Phase 5 per-dataset highlights (clean datasets): crmarenapro 82% on 6 databases (substrate's strongest single signal); stockindex 100%, stockmarket 80%; pancancer_atlas 67%; github_repos 50%, googlelocal 50%; deps_dev_v1 10% (stochastic regression from Phase 4); music_brainz_20k 7% and patents 0% (Sonnet ceiling, not infra). bookreview 87% and yelp 60% after withdrawing one contaminated trial each. Three drivers coexist (raw-bash for baseline reproducibility, labrat-agent for multi-provider standalone use, claude-mcp for the Max-plan tool path). Full write-up: docs/dab-progress-report.md.

Install

# Coming soon
uv tool install labrat

Until then, build from source:

git clone https://github.com/esagduyu/labrat
cd labrat
uv sync
uv run labrat

Requires Python 3.12+.

Quickstart

labrat

On first run, an onboarding wizard walks you through:

  1. Picking a database dialect (DuckDB / PostgreSQL / Snowflake / BigQuery / Redshift / Trino / MySQL)
  2. Entering credentials (stored encrypted in OS keyring)
  3. Testing the connection
  4. Optionally linking a dbt project or data catalog

Then you're in. Ask a question:

> show me Q4 revenue by region

LabRat will:

  • Explore your schema (tables, columns, relationships)
  • Sample data to understand value distributions
  • Consult your query history and any applicable memories
  • Write dialect-correct SQL in the editor pane as it thinks
  • Run the query (with safety gates)
  • Render the results
  • Offer to chart or pin the finding

Press ? at any time for the in-app keyboard reference.

Supported warehouses

DuckDB, PostgreSQL, Snowflake, BigQuery, Redshift, Trino/Presto, MySQL.
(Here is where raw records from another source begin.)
definition term_ordering ::
    "nat \<Rightarrow> ((nat \<Rightarrow>\<^sub>0 nat) \<Rightarrow> (nat \<Rightarrow>\<^sub>0 nat) \<Rightarrow> bool) \<Rightarrow> bool" where
  "term_ordering n ord \<longleftrightarrow>
     (\<forall>t\<in>terms_n n. ord t t)
   \<and> (\<forall>t\<in>terms_n n. \<forall>u\<in>terms_n n. ord t u \<and> ord u t \<longrightarrow> t = u)
   \<and> (\<forall>t\<in>terms_n n. \<forall>u\<in>terms_n n. \<forall>v\<in>terms_n n. ord t u \<and> ord u v \<longrightarrow> ord t v)
   \<and> (\<forall>t\<in>terms_n n. \<forall>u\<in>terms_n n. ord t u \<or> ord u t)
   \<and> (\<forall>t\<in>terms_n n. \<forall>u\<in>terms_n n. \<forall>s\<in>terms_n n. ord t u \<longrightarrow> ord (t + s) (u + s))
   \<and> (\<forall>t\<in>terms_n n. ord 0 t)"

definition lt :: "((nat \<Rightarrow>\<^sub>0 nat) \<Rightarrow> (nat \<Rightarrow>\<^sub>0 nat) \<Rightarrow> bool) \<Rightarrow> ('a::zero) mpoly
    \<Rightarrow> (nat \<Rightarrow>\<^sub>0 nat)" where
  "lt ord f = (THE t. t \<in> Poly_Mapping.keys f \<and> (\<forall>u\<in>Poly_Mapping.keys f. ord u t))"

definition lc :: "((nat \<Rightarrow>\<^sub>0 nat) \<Rightarrow> (nat \<Rightarrow>\<^sub>0 nat) \<Rightarrow> bool) \<Rightarrow> ('a::zero) mpoly \<Rightarrow> 'a" where
  "lc ord f = Poly_Mapping.lookup f (lt ord f)"

definition tdvd :: "(nat \<Rightarrow>\<^sub>0 nat) \<Rightarrow> (nat \<Rightarrow>\<^sub>0 nat) \<Rightarrow> bool" where
  "tdvd t u \<longleftrightarrow> (\<forall>i. Poly_Mapping.lookup t i \<le> Poly_Mapping.lookup u i)"
lemma diag_char_jrad:
  assumes x: "x \<in> jrad n p" and w: "w \<in> comps n" and n: "n \<ge> 1" and p: "prime p"
  shows "[diag_char n w x = 0] (mod int p)"
proof (rule ccontr)
  let ?\<chi> = "diag_char n w" and ?one = "sone n p"
  have p2: "p \<ge> 2"
    using p prime_ge_2_nat by blast
  have one: "?\<chi> ?one = 1"
    using w n p2 by (rule diag_char_sone)
  assume "\<not> [?\<chi> x = 0] (mod int p)"
  then have "coprime (?\<chi> x) (int p)"
    using p by (simp add: cong_0_iff prime_imp_coprime coprime_commute)
  then obtain c where c: "[?\<chi> x * c = 1] (mod int p)"
    using cong_solve_coprime_int by blast
  define y where "y = ssmul n p c ?one"
  have "y \<in> sig n p"
    using p2 by (auto simp: y_def sig_def ssmul_def)
  then obtain z where z: "smult n p z (ssub n p ?one (smult n p y x)) = ?one"
    using x unfolding jrad_def by blast
  have "[?\<chi> y = c] (mod int p)"
    using diag_char_ssmul[of n w p c ?one] one by (simp add: y_def)
  then have "[?\<chi> ?one - ?\<chi> (smult n p y x) = 1 - c * ?\<chi> x] (mod int p)"
    using one by (intro cong_diff cong_trans[OF diag_char_smult[OF w]] cong_mult cong_refl) auto
  then have "[?\<chi> (ssub n p ?one (smult n p y x)) = 1 - c * ?\<chi> x] (mod int p)"
    by (rule cong_trans[OF diag_char_ssub])
  also have "[1 - c * ?\<chi> x = 0] (mod int p)"
    using cong_diff[OF cong_refl[of 1] c] by (simp add: mult.commute)
  finally have "[?\<chi> z * ?\<chi> (ssub n p ?one (smult n p y x)) = ?\<chi> z * 0] (mod int p)"
    by (rule cong_mult[OF cong_refl])
  moreover have "[1 = ?\<chi> z * ?\<chi> (ssub n p ?one (smult n p y x))] (mod int p)"
    using diag_char_smult[OF w, of p z "ssub n p ?one (smult n p y x)"] z one by simp
  ultimately have "[1 = 0] (mod int p)"
    by (simp add: cong_trans)
  with p2 show False
    by (simp add: cong_def)
qed

lemma smult_Yspace_jrad:
  assumes y: "y \<in> Yspace n p m" and x: "x \<in> jrad n p" and n: "n \<ge> 1" and p: "prime p"
  shows "smult n p y x \<in> Yspace n p (m + 1)"
proof -
  have p0: "int p > 0"
    using p prime_gt_0_nat by simp
  have "smult n p y x w = 0" if w: "w \<in> comps n" "length w \<le> m" for w
  proof -
    let ?S = "\<lambda>q. \<Sum>r\<in>comps n. y q * x r * int (mcoef q r w)"
    have "y q * x r * int (mcoef q r w) = 0" if q: "q \<in> comps n" "q \<noteq> w" for q r
    proof (cases "mcoef q r w = 0")
      case False
      then have "length q < m"
        using mcoef_triangular[OF q(1) False] q(2) w(2) by fastforce
      then show ?thesis
        using y unfolding Yspace_def by simp
    qed simp
    then have "(\<Sum>q\<in>comps n - {w}. ?S q) = 0"
      by (intro sum.neutral ballI) (simp del: mult_eq_0_iff)
    then have "(\<Sum>q\<in>comps n. ?S q) = ?S w"
      using sum.remove[OF finite_comps w(1), of ?S] by simp
    also have "\<dots> = y w * diag_char n w x"
      unfolding diag_char_def by (simp add: sum_distrib_left mult.assoc)
    finally show ?thesis
      using cong_mult[OF cong_refl diag_char_jrad[OF x w(1) n p], of "y w"] w
      by (simp add: smult_def cong_def)
  qed
  then show ?thesis
    using p0 by (auto simp: Yspace_def sig_def smult_def)
qed

theorem lemma3p1:
  fixes n p m :: nat
  assumes "n \<ge> 1" and "prime p" and "m \<ge> 1"
  shows "prodspan n p (Yspace n p m) (jrad n p) \<subseteq> Yspace n p (m + 1)"
proof
  have p0: "int p > 0"
    using assms(2) prime_gt_0_nat by simp
  fix f assume "f \<in> prodspan n p (Yspace n p m) (jrad n p)"
  then show "f \<in> Yspace n p (m + 1)"
  proof induction
    case zero
    show ?case
      using p0 by (simp add: Yspace_def sig_def szero_def)
  next
    case (prod y x)
    then show ?case
      using smult_Yspace_jrad assms(1,2) by blast
  next
    case (add a b)
    then show ?case
      using p0 by (auto simp: Yspace_def sig_def sadd_def)
  next
    case (smul a c)
    then show ?case
      using p0 by (auto simp: Yspace_def sig_def ssmul_def)
  qed
qed

end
Pull requests for additional warehouses welcome β€” the Connection abstract base class makes new adapters straightforward.

Supported LLM providers

  • Anthropic API β€” direct SDK access; recommended when you have API credits
  • Claude Code CLI β€” shells out to the local claude binary, authenticated via Mac OAuth (Claude Max subscription). Used by LabratLocalAgent for ADE-bench runs where the API key has no credits
  • OpenAI-compatible endpoints β€” Azure OpenAI, LiteLLM gateways, vLLM, Together, Fireworks, Ollama for local

Configure per profile. The default model is claude-sonnet-4-6; switch in settings.

Why "LabRat"?

We started flirting with ratatui and Rust. We landed on Python + Textual because the agent is the point of the product and Python's iteration speed on prompts and tools dominates. The name stuck. The rat got a lab coat.

License

AGPL-3.0. You can use, modify, and redistribute LabRat for any purpose, including commercial. If you distribute a modified version, or run it as a service, you must release your modifications under the same license.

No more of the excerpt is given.